The film opens with a wooden crucifix displaying Christ contorted with pain on the cross. Perhaps its just Gothic set dressing, but my guess is it has more significance–its warning us that we’re about to see some of the horrific evils Christ came to die for. The story unfolds as eight shifty characters hole up in a haberdashery to wait out a blizzard. The Civil War has just ended and soldiers who fought on both sides are present. There’s a black Union soldier turned bounty hunter with a history or ruthless killing under his belt, as well as two former Confederates guilty of similar atrocities. A second bounty hunter has a ruthless female killer chained to his wrist who he’s taking into town to hang, and the rest of the shifty company may or may not be who they claim.

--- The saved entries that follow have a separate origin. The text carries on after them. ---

lemma clarke_regular_infdist_le:
  fixes C :: "'a::euclidean_space set"
  assumes "closed C" and "clarke_regular C" and "x \<in> C" and "w \<in> tangent_cone C x" and "e > 0"
  shows "\<exists>r>0. \<forall>y\<in>C. \<forall>\<tau>. dist y x < r \<longrightarrow> 0 \<le> \<tau> \<longrightarrow> \<tau> < r \<longrightarrow> infdist (y + \<tau> *\<^sub>R w) C \<le> e * \<tau>"
proof -
  obtain \<rho> where "\<rho> > 0"
    and near: "\<And>p. p \<in> C \<Longrightarrow> dist p x < \<rho> \<Longrightarrow> \<exists>u\<in>tangent_cone C p. dist u w < e"
    using clarke_regular_tangent_cone_near[OF assms(2-5)] by blast
  \<comment> \<open>Small enough that every point of C nearest to some y + m w, with m < r, lies within \<rho> of x.\<close>
  define r where "r = \<rho> / (2 * norm w + 1)"
  have "2 * norm w + 1 > 0"
    by (simp add: add_nonneg_pos)
  then have "r > 0" and r: "r * (2 * norm w + 1) = \<rho>"
    using \<open>\<rho> > 0\<close> by (simp_all add: r_def)
  have "infdist (y + \<tau> *\<^sub>R w) C \<le> e * \<tau>"
    if "y \<in> C" and "dist y x < r" and "0 \<le> \<tau>" and "\<tau> < r" for y \<tau>
  proof -
    have "\<tau> \<in> {s. infdist (y + s *\<^sub>R w) C \<le> e * s}"
    proof (rule closed_real_set_continuation[where a = 0])
      show "closed {s. infdist (y + s *\<^sub>R w) C \<le> e * s}"
        by (intro closed_Collect_le continuous_intros)
    next
      fix m assume m: "m \<in> {s. infdist (y + s *\<^sub>R w) C \<le> e * s}" "0 \<le> m" "m < \<tau>"
      define z where "z = y + m *\<^sub>R w"
      obtain p where "p \<in> C" and p: "infdist z C = dist z p"
        using infdist_attains_inf[OF \<open>closed C\<close>] \<open>y \<in> C\<close> by blast
      have "dist z p \<le> m * norm w"
        using p infdist_le[OF \<open>y \<in> C\<close>, of z] \<open>0 \<le> m\<close> by (simp add: z_def dist_norm)
      moreover have "dist p x \<le> dist z p + dist z y + dist y x"
        by (metis dist_commute dist_triangle add_right_mono order_trans)
      moreover have "m * norm w \<le> r * norm w"
        using m \<open>\<tau> < r\<close> by (intro mult_right_mono) auto
      ultimately have "dist p x < \<rho>"
        using \<open>dist y x < r\<close> \<open>0 \<le> m\<close> r by (simp add: z_def dist_norm algebra_simps)
      then obtain u where "u \<in> tangent_cone C p" "norm (w - u) < e"
        using near[OF \<open>p \<in> C\<close>] by (auto simp: dist_norm norm_minus_commute)
      then obtain d where d: "0 < d" "d < \<tau> - m" and "infdist (z + d *\<^sub>R w) C \<le> dist z p + e * d"
        using infdist_step_along_tangent[of u C p w e "\<tau> - m" z] m by auto
      then have "infdist (y + (m + d) *\<^sub>R w) C \<le> e * (m + d)"
        using m p by (simp add: z_def algebra_simps)
      with d show "\<exists>m'\<in>{s. infdist (y + s *\<^sub>R w) C \<le> e * s}. m < m' \<and> m' \<le> \<tau>"
        by (intro bexI[of _ "m + d"]) auto
    qed (use \<open>y \<in> C\<close> \<open>0 \<le> \<tau>\<close> in auto)
    then show ?thesis
      by simp
  qed
  with \<open>r > 0\<close> show ?thesis
    by blast
qed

As the film unfolds, characters shift around the large single room of the haberdashery, discussing the nature of justice and arguing the finer points of war and race. No one is clean–everyone has blood on their hands–but Tarantino picks a side early on. Soon cataclysmic violence erupts and plot twists start coming fast and loose. By the film’s end two of the more sympathetic characters have formed an unlikely alliance, overlooking their vast differences in an attempt to survive. It’s a strangely sweet note in an otherwise sour work, and the only redeeming aspect of the story. For all the hatefulness and violence on screen, this film is actually really well made; I just really didn’t like watching it.
The Revenant
I should love The Revenant–it has everything I love in it: great actors, realistic period art design, a beautiful and hypnotic score, and stunning natural light cinematography by one of my favorite cinematographers–but I really don’t care for the thing. The film is based on the true life story of trapper Hugh Glass, who was mauled by a bear and abandoned in the American wilderness only to eventually catch up with the men who left him for dead. It’s a great story but unfortunately Director Alejandro González Iñárritu makes all the wrong revisionist choices, adding extra levels of violence and conflict to an already thrilling tale and tacking on an unnecessary revenge plot that makes the film more of a big dumb historical action flick like The Patriot than the deep art film it so desperately wants to be.
There are some great moments in The Revenant, moments that transcend the film and thrill with their beauty, but these are few and far between and are muddied by an overabundance of fake looking CG-enhanced action scenes, an overbearing blue color palette, unnecessarily fancy camera work and a complete lack of spacial reasoning, which makes one question the implied difficulty of Glass’s journey. He basically wanders around and bumps into whichever character or group of characters he needs to meet next, and we cut from mountains to rivers to plains to frozen lakes without any sort of visual coherence.
The film ends with a fight scene of unearned brutality and a statement that so overly simplifies what we’ve just seen that I want to reach into the screen and slap the character who says it. I’m not sure why The Revenant has garnered such praise from critics or so many Oscar nominations. It feels more like a missed opportunity than a great work.